Fant expects improvements
Fant believes that once the city gets involved in the day-to-day maintenance that residents will start seeing improvements especially in the effectiveness of how the LMDs are irrigated.

Up until last week, the majority of contractors who handled the LMDs were not based in Manteca. That meant they only went by the locations once a week. In doing so, they approached irrigation of the landscaping in overkill fashion as they didn’t want to risk plants dying if something went wrong.

Fant’s strategy is not only to have park crews keep a look out on the LMDs for problems when they may pass them en route to other jobs, but to eventually put in irrigation control systems that can monitor changes in pressure – the first tip off of a water line issue – and alert the department remotely at the Civic Center that there is a problem. It would allow problems to be addressed quickly and substantially reduce water use.

The city also will be devising new planting standards for future LMDs to comply with new rules being pushed by the state to reduce water consumption and over spray of irrigation water.

Ultimately, the city may look at some districts and make improvements in the design by changing out landscaping.

The city has been doing that for years to keep costs down in LMDs – especially ones that were underfunded when they were established.

One example is the Meadowlands LMD on East Louise Avenue off Pestana Avenue. It had an abundance of annuals in the original design that proved to costly to maintain given the funding per parcel. The city changed out the design with perennials to provide color.

The LMD also had other changes to help landscaping mature in such a manner that will help reduce graffiti on sound walls.

“Not all LMDs were created equal,” Hall noted.

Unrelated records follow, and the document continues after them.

text \<open>The signed partition functions obey the recurrence defining the Jacobi polynomials.
  Since a configuration on 2k-1 vertices has at most k particles, the boundary terms vanish.\<close>
lemma signed_pf_step:
  assumes k: "k \<le> r"
  shows "signed_pf r w (Suc k) l = coeff_shift (signed_pf r w k) l
           - diag_weight w k * signed_pf r w k l - sub_weight r w k * coeff_shift (signed_pf r w (k-1)) l"
proof -
  consider "Suc k < l" | "l = Suc k" | "l \<le> k" by linarith
  thus ?thesis
  proof cases
    case 1
    hence "\<not> l \<le> Suc k" "\<not> l - 1 \<le> k" "\<not> l - 1 \<le> k - 1" "l \<noteq> 0" by auto
    thus ?thesis by (simp add: signed_pf_def coeff_shift_def)
  next
    case 2 thus ?thesis by (cases k) (simp_all add: signed_pf_def coeff_shift_def prefix_pf_no_particles sub_weight_def)
  next
    case 3
    define J where "J = k - l"
    have shift_k: "coeff_shift (signed_pf r w k) l = (-1)^(Suc J) * prefix_pf r w k (Suc J)"
      using 3 k prefix_pf_vanish[of k "Suc k" r w]
      by (auto simp: coeff_shift_def signed_pf_def J_def Suc_diff_le)
    have shift_k1: "sub_weight r w k * coeff_shift (signed_pf r w (k-1)) l
        = sub_weight r w k * ((-1)^J * prefix_pf r w (k-1) J)"
      using 3 k prefix_pf_vanish[of "k-1" k r w]
      by (cases "k = 0") (auto simp: coeff_shift_def signed_pf_def J_def sub_weight_def)
    have "signed_pf r w (Suc k) l = (-1)^(Suc J) * prefix_pf r w (Suc k) (Suc J)"
      using 3 by (simp add: signed_pf_def J_def Suc_diff_le)
    also have "\<dots> = coeff_shift (signed_pf r w k) l - diag_weight w k * ((-1)^J * prefix_pf r w k J)
        - sub_weight r w k * ((-1)^J * prefix_pf r w (k-1) J)"
      unfolding prefix_pf_step[OF k] shift_k by (simp add: algebra_simps)
    finally show ?thesis using 3 unfolding shift_k1 by (simp add: signed_pf_def J_def)
  qed
qed
(* Let $m\in\mathbb{N}$, let $\|\cdot\|_{\mathbb{R}^m}$ be a norm on $\mathbb{R}^m$ with dual norm $\|\cdot\|^*_{\mathbb{R}^m}$, let $\mathbf{a}_j=(a_{j,k}:k\in\mathbb{N})$, $j\in\{1,\dots,m\}$, be linearly independent elements of $c_0(\mathbb{N})$, and let $A$ be the semi-infinite matrix with rows $\mathbf{a}_1,\dots,\mathbf{a}_m$, viewed as the operator $\ell_1(\mathbb{N})\to\mathbb{R}^m$, $A\mathbf{x}=\big(\sum_{k}a_{j,k}x_k\big)_{j=1}^m$. Let $\mathbf{y}_0=(y_j)_{j=1}^m\in\mathbb{R}^m$, $\rho>0$, $p\in[1,+\infty)$, and let $p'\in(1,+\infty]$ satisfy $1/p+1/p'=1$. Let $\hat\lambda\in\mathbb{R}^m$ be a solution of the dual problem $$\sup\Big\{\sum_{j=1}^m y_j\lambda_j:\ \lambda\in\mathbb{R}^m,\ \Big\|\Big(\|\lambda\|^*_{\mathbb{R}^m},\ \Big\|\rho^{-1/p}\sum_{j=1}^m\lambda_j\mathbf{a}_j\Big\|_\infty\Big)\Big\|_{p'}\le1\Big\},$$ where $\|(s,t)\|_{p'}=(s^{p'}+t^{p'})^{1/p'}$ for $p'<\infty$ and $\max\{s,t\}$ for $p'=\infty$. Let $\hat\mu:=\sum_{j=1}^m\hat\lambda_j\mathbf{a}_j\in c_0(\mathbb{N})$ and write $\mathbb{N}(\hat\mu):=\{k\in\mathbb{N}:|\hat\mu_k|=\|\hat\mu\|_\infty\}=\{k_1,\dots,k_n\}$. Let $A_{\hat\mu}\in\mathbb{R}^{m\times n}$ be the matrix with entries $(A_{\hat\mu})_{ij}=a_{i,k_j}$. If $\hat{\mathbf{z}}=(\hat z_1,\dots,\hat z_n)$ is a solution of $$\inf\{(\|\mathbf{y}_0-A_{\hat\mu}\mathbf{z}\|^p_{\mathbb{R}^m}+\rho\|\mathbf{z}\|_1^p)^{1/p}:\mathbf{z}\in\mathbb{R}^n\},$$ then the sequence $\hat{\mathbf{x}}=(\hat x_k:k\in\mathbb{N})$ defined by $\hat x_{k_j}:=\hat z_j$ for $j=1,\dots,n$ and $\hat x_k:=0$ for $k\notin\mathbb{N}(\hat\mu)$ is a solution of $$\inf\{(\|\mathbf{y}_0-A\mathbf{x}\|^p_{\mathbb{R}^m}+\rho\|\mathbf{x}\|_1^p)^{1/p}:\mathbf{x}\in\ell_1(\mathbb{N})\}.$$
   Context: $\ell_1(\mathbb{N})$ is the space of real sequences with $\|\mathbf{x}\|_1=\sum_k|x_k|<\infty$; $c_0(\mathbb{N})$ is the space of real sequences tending to $0$ with $\|\mathbf{c}\|_\infty=\sup_k|c_k|$. For $\mathbf{z}\in\mathbb{R}^n$, $\|\mathbf{z}\|_1=\sum_j|z_j|$. The dual norm is $\|\lambda\|^*_{\mathbb{R}^m}=\sup\{\sum_j\lambda_jy_j:\|\mathbf{y}\|_{\mathbb{R}^m}\le1\}$. *)

theory Defs
  imports "HOL-Analysis.Analysis" "HOL-Library.Extended_Real"
begin

definition is_norm :: "(real^'m \<Rightarrow> real) \<Rightarrow> bool" where
  "is_norm N \<longleftrightarrow>
     (\<forall>x. 0 \<le> N x) \<and> (\<forall>x. N x = 0 \<longleftrightarrow> x = 0) \<and>
     (\<forall>c x. N (c *\<^sub>R x) = \<bar>c\<bar> * N x) \<and> (\<forall>x y. N (x + y) \<le> N x + N y)"

definition dual_norm :: "(real^'m \<Rightarrow> real) \<Rightarrow> real^'m \<Rightarrow> real" where
  "dual_norm N l = Sup {(\<Sum>j\<in>UNIV. l$j * y$j) | y. N y \<le> 1}"

definition sup_norm :: "(nat \<Rightarrow> real) \<Rightarrow> real" where
  "sup_norm f = (SUP k. \<bar>f k\<bar>)"

definition pair_norm :: "ereal \<Rightarrow> real \<Rightarrow> real \<Rightarrow> real" where
  "pair_norm q s t = (if q = \<infinity> then max s t
     else (s powr real_of_ereal q + t powr real_of_ereal q) powr (1 / real_of_ereal q))"

definition lin_indep_family :: "('m::finite \<Rightarrow> nat \<Rightarrow> real) \<Rightarrow> bool" where
  "lin_indep_family a \<longleftrightarrow>
     (\<forall>c::'m \<Rightarrow> real. (\<forall>k. (\<Sum>j\<in>UNIV. c j * a j k) = 0) \<longrightarrow> (\<forall>j. c j = 0))"

definition opA :: "('m::finite \<Rightarrow> nat \<Rightarrow> real) \<Rightarrow> (nat \<Rightarrow> real) \<Rightarrow> real^'m" where
  "opA a x = (\<chi> j. (\<Sum>k. a j k * x k))"

end

theory Submission
  imports Defs
begin
lemma out_nbr_u1_cases:
  assumes arc: "(u1, x) \<in> E"
  shows "(v1, x) \<in> E \<or> x \<in> outlier V E k v"
proof (rule ccontr)
  assume "\<not> ((v1, x) \<in> E \<or> x \<in> outlier V E k v)"
  then have far: "(v1, x) \<in> E ^^ (k - 1)"
    using out_nbr_u1_far_from_v1[OF arc] by blast
  obtain x' where x': "out_nbrs E u1 = {x, x'}" "x \<noteq> x'"
    using out_nbrs_eq_insert[OF arc] .
  then have arc': "(u1, x') \<in> E"
    by (auto simp: out_nbrs_def)
  show False
  proof (cases "(v1, x') \<in> E")
    case True
    then show False
      using far_and_adjacent_out_nbrs_u1_absurd[OF x'(1) far] u_not_outlier_v[OF arc far] by blast
  next
    case False
    with out_nbr_u1_not_outlier_v[OF arc far arc'] have "(v1, x') \<in> E ^^ (k - 1)"
      using out_nbr_u1_far_from_v1[OF arc'] by blast
    with arc arc' x'(2) far show False
      by (rule no_two_far_out_nbrs_u1)
  qed
qed

end

theorem lemma6:
  fixes V :: "'a set" and E :: "('a \<times> 'a) set" and k :: nat
    and u v u1 u2 v1 u3 u4 v3 v4 :: 'a
  assumes "k \<ge> 4"
    and "digraph_2_k_plus3 V E k"
    and "u \<in> V" and "v \<in> V" and "u \<noteq> v"
    and "out_nbrs E u \<inter> out_nbrs E v = {u2}"
    and "out_nbrs E u = {u1, u2}"
    and "out_nbrs E v = {v1, u2}"
    and "out_nbrs E u1 = {u3, u4}"
    and "out_nbrs E v1 = {v3, v4}"
  shows "{u3, u4} \<subseteq> {v3, v4} \<union> outlier V E k v \<and>
         {v3, v4} \<subseteq> {u3, u4} \<union> outlier V E k u"
proof -
  interpret common_out_nbr V E k u v u1 v1 u2
    using assms unfolding digraph_2_k_plus3_def diregular_def
    by unfold_locales auto
  have "x \<in> {v3, v4} \<union> outlier V E k v" if "x \<in> {u3, u4}" for x
    using out_nbr_u1_cases[of x] that assms(9,10) by (auto simp: out_nbrs_def)
  moreover have "x \<in> {u3, u4} \<union> outlier V E k u" if "x \<in> {v3, v4}" for x
    using common_out_nbr.out_nbr_u1_cases[OF swapped, of x] that assms(9,10)
    by (auto simp: out_nbrs_def)
  ultimately show ?thesis
    by blast
qed

end
lemma inner_ind_curv_gauss:
  assumes N: "unit_normal u differentiable at q" and op: "open \<Omega>" and q: "q \<in> \<Omega>"
    and SX: "smooth_field_on \<Omega> X" and SY: "smooth_field_on \<Omega> Y"
    and TX: "tangent_field_on u \<Omega> X" and TY: "tangent_field_on u \<Omega> Y"
  defines "h \<equiv> second_form u q"
  shows "ind_curv u X Y Y q \<bullet> X q = snm_curv X Y Y q \<bullet> X q
     + h (X q) (X q) * h (Y q) (Y q) - h (X q) (Y q) * h (Y q) (X q)
     - (Cz \<bullet> unit_normal u q) * (h (Y q) (Y q) * (X q \<bullet> X q) - h (X q) (Y q) * (Y q \<bullet> X q))"
proof -
  have tangent: "X q \<bullet> unit_normal u q = 0" "Y q \<bullet> unit_normal u q = 0"
    using TX TY q by (auto simp: tangent_field_on_def)
  show ?thesis
    using inner_ind_curv_snm_curv[OF frechet_derivative_works[THEN iffD1, OF N]
        snm_nabla_differentiable[OF SY SY op q] snm_nabla_differentiable[OF SX SY op q] tangent(1)]
      snm_nabla_inner_unit_normal[where X = X, OF N op q SY TY tangent(1)]
      snm_nabla_inner_unit_normal[where X = Y, OF N op q SY TY tangent(2)]
    by (simp add: h_def second_form_def algebra_simps)
qed

text \<open>In terms of the Gaussian and mean curvature this reads \<open>K = K~ + G - \<langle>C,N\<rangle> H\<close>.\<close>

lemma ind_sec_gauss_equation:
  assumes N: "unit_normal u differentiable at q" and op: "open \<Omega>" and q: "q \<in> \<Omega>"
    and S1: "smooth_field_on \<Omega> E1" and S2: "smooth_field_on \<Omega> E2"
    and T1: "tangent_field_on u \<Omega> E1" and T2: "tangent_field_on u \<Omega> E2"
    and "E1 q \<bullet> E1 q = 1" "E2 q \<bullet> E2 q = 1" "E1 q \<bullet> E2 q = 0"
  defines "h \<equiv> second_form u q"
  shows "ind_sec u E1 E2 q = snm_sec E1 E2 q
     + (h (E1 q) (E1 q) * h (E2 q) (E2 q) - h (E1 q) (E2 q) * h (E2 q) (E1 q))
     - (Cz \<bullet> unit_normal u q) * (h (E1 q) (E1 q) + h (E2 q) (E2 q)) / 2"
  using inner_ind_curv_gauss[OF N op q S1 S2 T1 T2] inner_ind_curv_gauss[OF N op q S2 S1 T2 T1] assms(8-10)
  by (simp add: ind_sec_def snm_sec_def h_def inner_commute field_simps)

lemma graph_map_has_derivative:
  assumes "(u has_derivative (\<lambda>v. a * v$1 + b * v$2)) (at q)"
  shows "(graph_map u has_derivative
           (\<lambda>v. v$1 *\<^sub>R axis 1 1 + v$2 *\<^sub>R axis 2 1 + (a * v$1 + b * v$2) *\<^sub>R axis 3 1)) (at q)"
proof -
  have "graph_map u = (\<lambda>p. p$1 *\<^sub>R axis 1 1 + p$2 *\<^sub>R axis 2 1 + u p *\<^sub>R axis 3 1)"
    by (simp add: fun_eq_iff graph_map_def vector_3_eq_axis)
  then show ?thesis
    using assms by (auto intro!: derivative_eq_intros has_derivative_vec_nth)
qed

lemma unit_normal_graph:
  assumes "(u has_derivative (\<lambda>v. a * v$1 + b * v$2)) (at q)"
  shows "unit_normal u q = (1 / sqrt (1 + a^2 + b^2)) *\<^sub>R vector [-a, -b, 1]"
proof -
  note D = frechet_derivative_at[OF graph_map_has_derivative[OF assms], symmetric]
  have "frechet_derivative (graph_map u) (at q) (axis 1 1) = vector [1, 0, a]"
    "frechet_derivative (graph_map u) (at q) (axis 2 1) = vector [0, 1, b]"
    by (simp_all add: D vec_eq_iff forall_3 axis_def)
  moreover have "cross3 (vector [1, 0, a]) (vector [0, 1, b]) = (vector [-a, -b, 1] :: real^3)"
    by (simp add: cross3_def)
  moreover have "norm (vector [-a, -b, 1] :: real^3) = sqrt (1 + a^2 + b^2)"
    by (simp add: norm_eq_sqrt_inner inner_real3 power2_eq_square algebra_simps)
  ultimately show ?thesis
    by (simp add: unit_normal_def Let_def)
qed

lemma tangent_field_on_graph:
  assumes "tangent_field_on u \<Omega> E" "q \<in> \<Omega>" "(u has_derivative (\<lambda>v. a * v$1 + b * v$2)) (at q)"
  shows "E q \<bullet> vector [- a, - b, 1] = 0"
proof -
  have "E q \<bullet> unit_normal u q = 0"
    using assms(1,2) unfolding tangent_field_on_def by blast
  moreover have "0 < 1 + a^2 + b^2" by (simp add: add_pos_nonneg)
  ultimately show ?thesis by (simp add: unit_normal_graph[OF assms(3)])
qed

Many older ones were formed with assessments that didn’t allow enough for maintenance level of newer ones. The level of landscaping on California Classics/Diamond Oaks LMD across from Meadowlands is not as intense for that reason.

There are some districts where the grooming of plants was more formal. The city may – in the future – encourage growth that reduces maintenance levels.

In addition, there are a few instances where the city won’t be taking over 100 percent of the maintenance. Such is the case in the Woodward West LMD where a faux bridge crosses over a water feature.

Hall said the firm that handles the upkeep to make sure algae doesn’t form or cerate insect breeding grounds has a high level of expertise and is doing so at a cost the city couldn’t replicate.